You are viewing a plain text version of this content. The canonical link for it is here.
Posted to user@hbase.apache.org by oc tsdb <oc...@gmail.com> on 2014/01/17 13:46:03 UTC

How to remove duplicate data in HBase?

Hi all,

 We want to know if there is any option to remove duplicate data in Hbase
based on column family dynamically?

Thanks,
OC

Re: How to remove duplicate data in HBase?

Posted by Michael Segel <mi...@hotmail.com>.
First, you should define what you mean when you say duplicate data.

Depending on your definition… it may already be handled. 

On Jan 17, 2014, at 7:39 AM, Ted Yu <yu...@gmail.com> wrote:

> Can you tell us where the duplicate data resides - between column families or between columns in a single column family ?
> 
> Cheers
> 
> On Jan 17, 2014, at 4:46 AM, oc tsdb <oc...@gmail.com> wrote:
> 
>> Hi all,
>> 
>> We want to know if there is any option to remove duplicate data in Hbase
>> based on column family dynamically?
>> 
>> Thanks,
>> OC
> 


Re: How to remove duplicate data in HBase?
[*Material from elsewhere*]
(* Let $(Q,\lambda)$ be an $\mathcal{R}$-characteristic pair on an admissible $n$-dimensional simple polytope $Q$ with $\ell$ vertices. Assume that for every term $B_i$ with $\dim B_i>1$ occurring in any retraction sequence of $Q$, $$\gcd\{g_{B_i}(v)\mid v\text{ a free vertex of }B_i\}=1.$$ Then for every prime $p$ there exists a retraction sequence $\{(B_i,E_i,b_i)\}_{i=1}^{\ell}$ of $Q$ with $\gcd\{p,g_{E_i}(b_i)\}=1$ for all $i=1,\dots,\ell$ (so $X(Q,\lambda)$ satisfies the hypothesis of Theorem 1.2 via the induced building sequence).
   Context: $Q$ is an $n$-dimensional simple convex polytope with facets $F_1,\dots,F_m$; $\lambda:\{F_1,\dots,F_m\}\to\mathbb{Z}^n$ is an $\mathcal{R}$-characteristic function, i.e. $\{\lambda(F_{i_1}),\dots,\lambda(F_{i_k})\}$ is linearly independent whenever $F_{i_1}\cap\cdots\cap F_{i_k}\ne\emptyset$. For a codimension-$k$ face $E=F_{i_1}\cap\cdots\cap F_{i_k}$, let $\rho_E:\mathbb{Z}^n\to\mathbb{Z}^n/\big((\mathrm{span}_{\mathbb{Z}}\{\lambda(F_{i_1}),\dots,\lambda(F_{i_k})\}\otimes\mathbb{R})\cap\mathbb{Z}^n\big)\cong\mathbb{Z}^{n-k}$, and for each facet $E\cap F_j\ne\emptyset$ ($j\notin\{i_1,\dots,i_k\}$) of $E$ let $\lambda_E(E\cap F_j)$ be the primitive vector in the direction of $\rho_E(\lambda(F_j))$. For a vertex $v=\bigcap_{s=1}^{n-k}(E\cap F_{j_s})$ of $E$, $g_E(v)=|\det[\lambda_E(E\cap F_{j_1})^t,\dots,\lambda_E(E\cap F_{j_{n-k}})^t]|$ ($=1$ if $E=\{v\}$). A retraction sequence for $Q$ is a sequence of triples $(B_k,E_k,b_k)$, $k=1,\dots,\ell$: $B_1=E_1=Q$ and $b_1$ a vertex of $Q$; $B_k$ is the union of all faces of $B_{k-1}$ not containing $b_{k-1}$; $b_k$ is a free vertex of $B_k$, i.e. a vertex with a neighbourhood in $B_k$ homeomorphic as a manifold with corners to $\mathbb{R}^d_{\ge0}$ for some $d$, and $E_k$ is the unique $d$-dimensional face of $B_k$ containing $b_k$; the sequence ends with $B_\ell=E_\ell=\{b_\ell\}$. For a free vertex $v$ of such a $B_i$ with associated $d$-dimensional face $E$, write $g_{B_i}(v):=g_E(v)$. $Q$ is admissible if every complex $B_k$ obtained in this way (for any choices of free vertices) has at least one free vertex. *)

theory Defs
  imports "HOL-Analysis.Analysis" "Jordan_Normal_Form.Determinant"
begin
Posted by Ted Yu <yu...@gmail.com>.
Can you tell us where the duplicate data resides - between column families or between columns in a single column family ?

Cheers

On Jan 17, 2014, at 4:46 AM, oc tsdb <oc...@gmail.com> wrote:

> Hi all,
> 
> We want to know if there is any option to remove duplicate data in Hbase
> based on column family dynamically?
> 
> Thanks,
> OC